Traditional RF simulator accuracy, performance, and memory consumption depend upon the user-selected number of sidebands or harmonics. This is not a problem for simple blocks where the tools’ defaults apply, but it quickly becomes an issue for larger, nonlinear complex blocks (e.g., those with dividers). In these cases traditional RF simulator runtime and memory consumption can increase quadratically with the number of sidebands/harmonics needed – assuming the tool can even get periodic steady state (PSS) convergence. Designers are left simplifying their circuit and using a multi-pass methodology to ensure convergence, “good enough” accuracy, and reasonable runtime on computer with enough memory.

Berkeley Design Automation RF FastSPICE (RFS) uses a unique proprietary periodic analysis engine that does not tradeoff accuracy and performance. RFS has vastly superior PSS convergence to traditional RF simulators and delivers the equivalent of “infinite” sidebands/harmonics every run. As a result, designers can run their original circuit without simplification and utilize a 1-pass methodology that always delivers full accuracy results.

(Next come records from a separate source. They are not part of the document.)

(* Let $Sm(n)$ be the integer whose decimal expansion is the concatenation of $1,2,\ldots,n+1$. For every integer $n\geqslant 0$, put $$l=\lceil \log_{10}(n+2)\rceil,\qquad t_l=10^{l-1}-1,$$ $$\alpha_l=-\frac{10^{2l-1}+9\cdot 10^{l-1}}{(10^l-1)^2},\qquad \mu_l=-\frac{1}{10^l-1},\qquad \theta_l=\frac{s_2-2s_1+s_0}{(10^l-1)^2},$$ where $s_0=Sm(t_l)$, $s_1=Sm(t_l+1)$, $s_2=Sm(t_l+2)$. Then $$Sm(n)=\alpha_l+\mu_l\,(n-t_l)+\theta_l\,10^{l(n-t_l)}.$$
   Context: $Sm(0)=1$, $Sm(1)=12$, $Sm(2)=123$, $\ldots$ (Smarandache consecutive numbers). *)

theory Defs
  imports Complex_Main
begin

text \<open>Number of decimal digits of a natural number (positive numbers; ndigits 0 = 1).\<close>
fun ndigits :: "nat \<Rightarrow> nat" where
  "ndigits k = (if k < 10 then 1 else 1 + ndigits (k div 10))"

definition dconcat :: "nat \<Rightarrow> nat \<Rightarrow> nat" where
  "dconcat a b = a * 10 ^ ndigits b + b"

fun Sm :: "nat \<Rightarrow> nat" where
  "Sm 0 = 1"
| "Sm (Suc n) = dconcat (Sm n) (n + 2)"

end

theory Submission
  imports Defs
begin

text \<open>As long as the appended number \<open>n + 2\<close> has \<open>l\<close> digits, the definition reads
  \<open>Sm (n + 1) = 10^l * Sm n + (n + 2)\<close>. Counted from \<open>t = 10^(l-1) - 1\<close>, this is a first-order
  linear recurrence in \<open>k = n - t\<close> with factor \<open>Q = 10^l\<close> and affine inhomogeneity, so its
  solution is an affine particular solution \<open>\<alpha> + \<mu> k\<close> plus \<open>\<theta> Q^k\<close>; the second difference
  of the first three terms kills the affine part and recovers \<open>\<theta>\<close>.\<close>

lemma ndigits_eq:
  assumes "10 ^ m \<le> j" and "j < 10 ^ Suc m"
  shows "ndigits j = Suc m"
  using assms
proof (induction m arbitrary: j)
  case 0
  then show ?case by simp
next
  case (Suc m)
  have "10 ^ m \<le> j div 10" and "j div 10 < 10 ^ Suc m"
    using Suc.prems by (simp_all add: less_eq_div_iff_mult_less_eq div_less_iff_less_mult mult.commute)
  then have "ndigits (j div 10) = Suc m"
    by (rule Suc.IH)
  moreover have "\<not> j < 10"
    using Suc.prems(1) order_trans[of 10 "10 ^ Suc m" j] by fastforce
  ultimately show ?case
    by simp
qed

lemma affine_geometric_recurrence_closed_form:
  fixes x :: "nat \<Rightarrow> 'a::field" and Q c :: 'a
  defines "a \<equiv> - (c * (Q - 1) + 1) / (Q - 1) ^ 2"
    and "b \<equiv> - 1 / (Q - 1)"
  assumes "Q \<noteq> 1"
    and "\<And>j. j < k \<Longrightarrow> x (Suc j) = Q * x j + c + of_nat j"
  shows "x k = a + b * of_nat k + (x 0 - a) * Q ^ k"
  using assms(4)
proof (induction k)
  case 0
  then show ?case by simp
next
  case (Suc k)
  have "Q - 1 \<noteq> 0"
    using \<open>Q \<noteq> 1\<close> by simp
  have a: "Q * a + c = a + b"
    using \<open>Q - 1 \<noteq> 0\<close> unfolding a_def b_def by (simp add: divide_simps) algebra
  have b: "Q * b + 1 = b"
    using \<open>Q - 1 \<noteq> 0\<close> unfolding b_def by (simp add: field_simps)
  have "x (Suc k) = Q * (a + b * of_nat k + (x 0 - a) * Q ^ k) + c + of_nat k"
    using Suc by simp
  also have "\<dots> = (Q * a + c) + (Q * b + 1) * of_nat k + (x 0 - a) * Q ^ Suc k"
    by (simp add: algebra_simps)
  also have "\<dots> = a + b * of_nat (Suc k) + (x 0 - a) * Q ^ Suc k"
    unfolding a b by (simp add: algebra_simps)
  finally show ?case .
qed

lemma geometric_coeff_eq_second_difference:
  fixes x :: "nat \<Rightarrow> 'a::field"
  assumes "Q \<noteq> 1" and "\<And>k. k \<le> 2 \<Longrightarrow> x k = a + b * of_nat k + C * Q ^ k"
  shows "C = (x 2 - 2 * x 1 + x 0) / (Q - 1) ^ 2"
proof -
  have "x 2 - 2 * x 1 + x 0 = C * (Q - 1) ^ 2"
    using assms(2)[of 0] assms(2)[of 1] assms(2)[of 2]
    by (simp add: algebra_simps power2_eq_square)
  then show ?thesis
    using assms(1) by simp
qed

lemma ceiling_log_nat_bounds:
  fixes b k :: nat
  defines "e \<equiv> nat \<lceil>log b k\<rceil>"
  assumes "b \<ge> 2" and "k \<ge> 2"
  shows "e \<ge> 1" and "b ^ (e - 1) < k" and "k \<le> b ^ e"
proof -
  have "log b k > 0"
    using assms by simp
  then have "\<lceil>log b k\<rceil> = int (e - 1) + 1" and "e \<ge> 1"
    unfolding e_def by linarith+
  then show "e \<ge> 1" and "b ^ (e - 1) < k" and "k \<le> b ^ e"
    using ceiling_log_nat_eq_powr_iff[of b k "e - 1"] assms by simp_all
qed

lemma Sm_recurrence_within_block:
  fixes l i :: nat
  defines "t \<equiv> 10 ^ (l - 1) - 1"
  assumes "l \<ge> 1" and "t + i + 2 < 10 ^ l"
  shows "real (Sm (t + Suc i)) = 10 ^ l * real (Sm (t + i)) + (real t + 2) + real i"
proof -
  obtain m where l: "l = Suc m"
    using \<open>l \<ge> 1\<close> by (cases l) auto
  have "ndigits (t + i + 2) = l"
    using assms(3) unfolding t_def l by (intro ndigits_eq) auto
  then have "Sm (t + Suc i) = Sm (t + i) * 10 ^ l + (t + i + 2)"
    by (simp add: dconcat_def)
  then show ?thesis
    by simp
qed

lemma Sm_closed_form_within_block:
  fixes l k :: nat
  defines "t \<equiv> 10 ^ (l - 1) - 1"
  assumes "l \<ge> 1" and "t + k + 1 < 10 ^ l"
  shows "real (Sm (t + k)) =
     - ((10::real) ^ (2 * l - 1) + 9 * 10 ^ (l - 1)) / (10 ^ l - 1) ^ 2
     + (- 1 / ((10::real) ^ l - 1)) * real k
     + ((real (Sm (t + 2)) - 2 * real (Sm (t + 1)) + real (Sm t)) / ((10::real) ^ l - 1) ^ 2)
       * (10 ^ l) ^ k"
proof -
  define p :: real where "p = 10 ^ (l - 1)"
  define Q :: real where "Q = 10 ^ l"
  obtain m where l: "l = Suc m"
    using \<open>l \<ge> 1\<close> by (cases l) auto
  have t: "real t + 1 = p" and Q: "Q = 10 * p"
    unfolding t_def p_def Q_def l by (simp_all add: of_nat_diff)
  then have "Q \<noteq> 1"
    by linarith
  define x where "x j = real (Sm (t + j))" for j
  define a where "a = - ((real t + 2) * (Q - 1) + 1) / (Q - 1) ^ 2"
  have closed: "x j = a + - 1 / (Q - 1) * of_nat j + (x 0 - a) * Q ^ j"
    if "t + j + 1 < 10 ^ l" for j
    unfolding a_def x_def Q_def
    using that assms(2) Sm_recurrence_within_block[of l, folded t_def]
    by (intro affine_geometric_recurrence_closed_form[OF \<open>Q \<noteq> 1\<close>[unfolded Q_def]]) simp
  have "t + k + 1 < 10 ^ l" if "k \<le> 2" for k
  proof -
    have "k < 9 * 10 ^ m"
      using that one_le_power[of "10::nat" m] by linarith
    then show ?thesis
      unfolding t_def l by simp
  qed
  then have "x 0 - a = (x 2 - 2 * x 1 + x 0) / (Q - 1) ^ 2"
    using closed by (intro geometric_coeff_eq_second_difference[OF \<open>Q \<noteq> 1\<close>]) blast
  moreover have "a = - ((10::real) ^ (2 * l - 1) + 9 * 10 ^ (l - 1)) / (10 ^ l - 1) ^ 2"
  proof -
    have "(real t + 2) * (Q - 1) + 1 = Q * p + 9 * p"
      unfolding Q t[symmetric] by (simp add: algebra_simps)
    moreover have "(10::real) ^ (2 * l - 1) = Q * p"
      unfolding Q_def p_def l by (simp add: mult_2 flip: power_add)
    ultimately show ?thesis
      unfolding a_def Q_def p_def by simp
  qed
  ultimately show ?thesis
    using closed[OF assms(3)] unfolding x_def Q_def by (simp add: numeral_2_eq_2)
qed

theorem corollary1:
  fixes n :: nat
  defines "l \<equiv> nat \<lceil>log 10 (real n + 2)\<rceil>"
  defines "t \<equiv> (10::nat) ^ (l - 1) - 1"
  shows "real (Sm n) =
     - ((10::real) ^ (2 * l - 1) + 9 * 10 ^ (l - 1)) / (10 ^ l - 1) ^ 2
     + (- 1 / ((10::real) ^ l - 1)) * (real n - real t)
     + ((real (Sm (t + 2)) - 2 * real (Sm (t + 1)) + real (Sm t)) / ((10::real) ^ l - 1) ^ 2)
       * (10::real) powr (real l * (real n - real t))"
proof -
  have "l = nat \<lceil>log (real 10) (real (n + 2))\<rceil>"
    unfolding l_def by (simp add: add.commute)
  then have "l \<ge> 1" and "10 ^ (l - 1) < n + 2" and "n + 2 \<le> 10 ^ l"
    using ceiling_log_nat_bounds[of 10 "n + 2"] by simp_all
  then have "t \<le> n" and "t + (n - t) + 1 < 10 ^ l"
    unfolding t_def by simp_all
  moreover have "(10::real) powr (real l * (real n - real t)) = (10 ^ l) ^ (n - t)"
    using \<open>t \<le> n\<close> by (simp add: powr_realpow flip: of_nat_diff of_nat_mult power_mult)
  ultimately show ?thesis
    using Sm_closed_form_within_block[of l "n - t"] \<open>l \<ge> 1\<close> unfolding t_def by simp
qed

end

Complex-Block Periodic Analysis Examples

complexblock 

The table above contains a range of RFS comparisons with traditional RF simulators. The dual-conversion receiver and transmit modulator with LO generator did not converge in traditional RF simulation. The dual-conversion receiver contained 2 dividers. The designer in that case was able to get their traditional RF simulator to converge and complete RF analysis by removing one divider at a time. This typifies the types of simplifications, workarounds, and shortcuts that traditional RF simulation tools require. RFS completed the two circuits – something that no other tool had accomplished – in just 5.3 hours and <12 hours respectively.

Traditional RF simulation did converge on the 2.3 GHz receiver and the LC-tank VCO; however, RFS was 5.5x and 10x faster on each. This is the kind of savings that make an enormous difference on RF circuits in which designers make numerous iterations to optimize the circuit. Knowing that the results are always full accuracy is just as important. The last circuit is a relatively straightforward ring-oscillator VCO. Again, traditional RF failed to converge; RFS completed PSS and oscillator phase noise within 0.5 hrs.

It should be noted that RFS is the only simulator that produced impulse sensitivity function (ISF) information during oscillator phase noise, and it does so without any simulation overhead. Traditional RF simulators produce contribution information for every node in the circuit during oscillator phase noise. This is helpful for identifying those nodes that generate the most noise, but it can be very misleading because it says nothing about how sensitive the VCO output phase noise is to contribution from a given node. RFS provides contribution, sensitivity (ISF), and the product for every node in the circuit and shows how all three values vary over the period. This provides VCO designers all of the analysis information they need to reliably optimize their VCOs.